The Turner heiress, Ellen, is famous for being abducted from her school by Edward Gibbon Wakefield, (who later founded British rule in New Zealand).  The couple were chased, found and returned, with Ellen’s reputation saved.  This led to a special Act of Parliament to annul the marriage.  Ellen later married into the Legh family of Lyme Hall and her daughter, also Ellen, married the Reverend Brabazon Lowther, heading the last owners of the estate, which was finally sold at the death of Colonel W. G. Lowther in 1928.

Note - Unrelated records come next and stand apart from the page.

(* Fix $\alpha\in(0,1/2)$ and $q_1,q_3\in(0,1)$. Define $m^*(3/4,3/4)=16\alpha$, $m^*(3/4,1/4)=m^*(1/4,3/4)=\frac{8(1-2\alpha)}{3}$, $m^*(1/4,1/4)=\frac{16\alpha}{9}$, $m^*=\frac{16(4\alpha+3)}{9}$, $\overline{q}^*=\frac{8\alpha+3}{8\alpha+6}$, $$\overline{q}=\frac{1}{m^*}\Big[\big(m^*(\tfrac34,\tfrac34)+m^*(\tfrac34,\tfrac14)\big)q_3+\big(m^*(\tfrac14,\tfrac34)+m^*(\tfrac14,\tfrac14)\big)q_1\Big],$$ and the treatment's steady-state ARQ $$Q=\dfrac{q_3\frac{2(4\alpha+1)}{3(1-q_3)}+q_1\frac{2(3-4\alpha)}{3(1-q_1)}}{\frac{2(4\alpha+1)}{3(1-q_3)}+\frac{2(3-4\alpha)}{3(1-q_1)}}.$$ If $(12\alpha+3)q_3+(3-4\alpha)q_1>8\alpha+3$ and $\frac{4\alpha+1}{1-q_3}+\frac{3-4\alpha}{1-q_1}<\frac{8(4\alpha+3)}{3}$, then $\overline{q}>\overline{q}^*$ but $Q<\overline{q}^*$.
   Context: Model: user types $(x,e)\in\{1/4,3/4\}^2$ with per-period inflow masses $\alpha$ for $(3/4,3/4)$ and $(1/4,1/4)$ and $1/2-\alpha$ for $(3/4,1/4)$ and $(1/4,3/4)$; an algorithm gives quality $q(x)\in(0,1)$ to segment $x$ and a type-$(x,e)$ user churns each period with probability $(1-q(x))(1-e)$. $m^*(x,e)$ is the status quo ($q^*(x)=x$) steady-state mass, $\overline{q}^*$ the status quo ARQ, $\overline{q}$ the ARQ observed in a one-period experiment of the treatment ($q(1/4)=q_1$, $q(3/4)=q_3$) on the status quo population, and $Q$ the ARQ of the treatment at its own steady state. *)

theory Defs
  imports Complex_Main
begin

definition mstar :: "real \<Rightarrow> real \<Rightarrow> real \<Rightarrow> real" where
  "mstar \<alpha> x e =
     (if x = 3/4 \<and> e = 3/4 then 16 * \<alpha>
      else if x = 1/4 \<and> e = 1/4 then 16 * \<alpha> / 9
      else 8 * (1 - 2 * \<alpha>) / 3)"

definition mstar_total :: "real \<Rightarrow> real" where
  "mstar_total \<alpha> = 16 * (4 * \<alpha> + 3) / 9"

definition qbar_star :: "real \<Rightarrow> real" where
  "qbar_star \<alpha> = (8 * \<alpha> + 3) / (8 * \<alpha> + 6)"

definition qbar :: "real \<Rightarrow> real \<Rightarrow> real \<Rightarrow> real" where
  "qbar \<alpha> q1 q3 = (1 / mstar_total \<alpha>) *
     ((mstar \<alpha> (3/4) (3/4) + mstar \<alpha> (3/4) (1/4)) * q3
      + (mstar \<alpha> (1/4) (3/4) + mstar \<alpha> (1/4) (1/4)) * q1)"

definition Qss :: "real \<Rightarrow> real \<Rightarrow> real \<Rightarrow> real" where
  "Qss \<alpha> q1 q3 =
     (q3 * (2 * (4 * \<alpha> + 1) / (3 * (1 - q3))) + q1 * (2 * (3 - 4 * \<alpha>) / (3 * (1 - q1))))
     / (2 * (4 * \<alpha> + 1) / (3 * (1 - q3)) + 2 * (3 - 4 * \<alpha>) / (3 * (1 - q1)))"

end

theory Submission
  imports Defs
begin

text \<open>Both claims reduce to comparisons with the closed form
  \<open>qbar_star \<alpha> = 1 - 3 / (8\<alpha> + 6)\<close>. The one-period ARQ is linear in \<open>q1, q3\<close>, which gives
  the first claim directly. At the treatment's steady state a segment with inflow \<open>c\<close> and
  churn rate \<open>1 - q\<close> has mass \<open>c / (1 - q)\<close>, so its mass-weighted quality is
  \<open>1 - (total inflow) / (total mass)\<close>; hence \<open>Qss = 1 - 4 / S\<close> with
  \<open>S = (4\<alpha>+1)/(1-q3) + (3-4\<alpha>)/(1-q1)\<close>, and the bound on \<open>S\<close> is exactly \<open>Qss < qbar_star\<close>.\<close>

lemma qbar_star_eq:
  fixes \<alpha> :: real
  assumes "8 * \<alpha> + 6 \<noteq> 0"
  shows "qbar_star \<alpha> = 1 - 3 / (8 * \<alpha> + 6)"
  using assms unfolding qbar_star_def by (simp add: field_simps)

lemma qbar_eq:
  fixes \<alpha> q1 q3 :: real
  assumes "4 * \<alpha> + 3 \<noteq> 0"
  shows "qbar \<alpha> q1 q3 = ((12 * \<alpha> + 3) * q3 + (3 - 4 * \<alpha>) * q1) / (8 * \<alpha> + 6)"
  using assms unfolding qbar_def mstar_def mstar_total_def by (simp add: field_simps)

lemma steady_state_mean_quality:
  fixes q1 q3 c1 c3 :: real
  defines "S \<equiv> c3 / (1 - q3) + c1 / (1 - q1)"
  assumes "q1 \<noteq> 1" "q3 \<noteq> 1" "S \<noteq> 0"
  shows "(q3 * (c3 / (1 - q3)) + q1 * (c1 / (1 - q1))) / S = 1 - (c3 + c1) / S"
proof -
  have inflow_out: "q * c / (1 - q) = c / (1 - q) - c" if "q \<noteq> 1" for q c :: real
    using that by (simp add: field_simps)
  have "q3 * (c3 / (1 - q3)) + q1 * (c1 / (1 - q1)) = S - (c3 + c1)"
    using assms(2,3) unfolding S_def by (simp add: inflow_out)
  then show ?thesis
    using assms(4) by (simp add: diff_divide_distrib)
qed

lemma Qss_eq:
  fixes \<alpha> q1 q3 :: real
  defines "S \<equiv> (4 * \<alpha> + 1) / (1 - q3) + (3 - 4 * \<alpha>) / (1 - q1)"
  assumes "q1 \<noteq> 1" "q3 \<noteq> 1" "S \<noteq> 0"
  shows "Qss \<alpha> q1 q3 = 1 - 4 / S"
proof -
  let ?c3 = "2 * (4 * \<alpha> + 1) / 3" and ?c1 = "2 * (3 - 4 * \<alpha>) / 3"
  have weights: "2 * (4 * \<alpha> + 1) / (3 * (1 - q3)) = ?c3 / (1 - q3)"
    "2 * (3 - 4 * \<alpha>) / (3 * (1 - q1)) = ?c1 / (1 - q1)"
    by simp_all
  have total: "?c3 / (1 - q3) + ?c1 / (1 - q1) = 2 / 3 * S"
    unfolding S_def by (simp add: add_divide_distrib mult.commute)
  have "Qss \<alpha> q1 q3 = 1 - (?c3 + ?c1) / (2 / 3 * S)"
    unfolding Qss_def weights
    using steady_state_mean_quality[of q1 q3 ?c3 ?c1] assms(2-4) unfolding total by simp
  also have "\<dots> = 1 - 4 / S"
    by (simp add: field_simps)
  finally show ?thesis .
qed

theorem lemma2:
  fixes \<alpha> q1 q3 :: real
  assumes "0 < \<alpha>" "\<alpha> < 1/2"
    and "0 < q1" "q1 < 1" "0 < q3" "q3 < 1"
    and "(12 * \<alpha> + 3) * q3 + (3 - 4 * \<alpha>) * q1 > 8 * \<alpha> + 3"
    and "(4 * \<alpha> + 1) / (1 - q3) + (3 - 4 * \<alpha>) / (1 - q1) < 8 * (4 * \<alpha> + 3) / 3"
  shows "qbar \<alpha> q1 q3 > qbar_star \<alpha> \<and> Qss \<alpha> q1 q3 < qbar_star \<alpha>"
proof
  show "qbar \<alpha> q1 q3 > qbar_star \<alpha>"
    using assms(1,7) qbar_eq[of \<alpha> q1 q3] unfolding qbar_star_def
    by (simp add: divide_strict_right_mono)
  define S where "S = (4 * \<alpha> + 1) / (1 - q3) + (3 - 4 * \<alpha>) / (1 - q1)"
  have "S > 0"
    unfolding S_def using assms(1-6) by (intro add_pos_pos divide_pos_pos) simp_all
  have "3 / (8 * \<alpha> + 6) < 4 / S"
    using \<open>S > 0\<close> assms(1,8) unfolding S_def[symmetric] by (simp add: field_simps)
  then show "Qss \<alpha> q1 q3 < qbar_star \<alpha>"
    using \<open>S > 0\<close> assms(1,4,6) Qss_eq[of q1 q3 \<alpha>] qbar_star_eq[of \<alpha>]
    unfolding S_def[symmetric] by simp
qed

end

The Hall was bought by the Roman Catholic Salesian Mission as a college, and a huge chapel was added, surviving as such until the college was closed and the hall eventually sold in the 1980s, when it was renovated as a hotel and country club.  An intriguing feature in the grounds was a castle, which was razed to the ground during the mission school days, because it was feared that the boys might be injured when playing there.  It used to be known as “the Edward III Castle”, but whether it was ancient, or an eighteenth century folly, is unknown.  There now remains only an old photograph of the ruin, and a bumpy dell in the golf course.

 

Pott too, had a hall, dating back to the 15th century.  After ceasing to be a single residence, it became a care home in the 1970s and in the early 2000s was converted into five separate houses. Remarkably, Pott was shown (in) on a map of Britain printed in 1595, possibly due to its industries of coal mining and stone quarrying, which continued well into the twentieth century.

The village is now almost entirely pastoral. It has a declining farming community, many of the residents being commuters and pensioners. The village’s only pub was closed by its owner, Mrs Lowther in the 1920s because she felt her workers were wasting too much time there. However, the Village Hall, which houses the school, has a newly refurbished bar, making the school one of very few primary schools on licensed premises.  At least two shops and tea rooms existed in the 20th century but now there only remains the corrugated iron ‘Coffee Tavern’, originally, a library for reading religious tracts, now a licensed restaurant in a listed building.

Only a few houses near the church and those at Unwin Pool have mains gas laid to them yet one of the iconic features of the village, situated outside The Croft, is the Victorian Gas Lamp, fed originally with gas from Bollington Gas Works. The lamp is fitted with an intriguing clockwork mechanism which turns the gas up and down during 24 hours but unfortunately it has seized up and no longer works.

With such history and in such beautiful surroundings, Pott Shrigley can look forward to remaining a truly desirable village.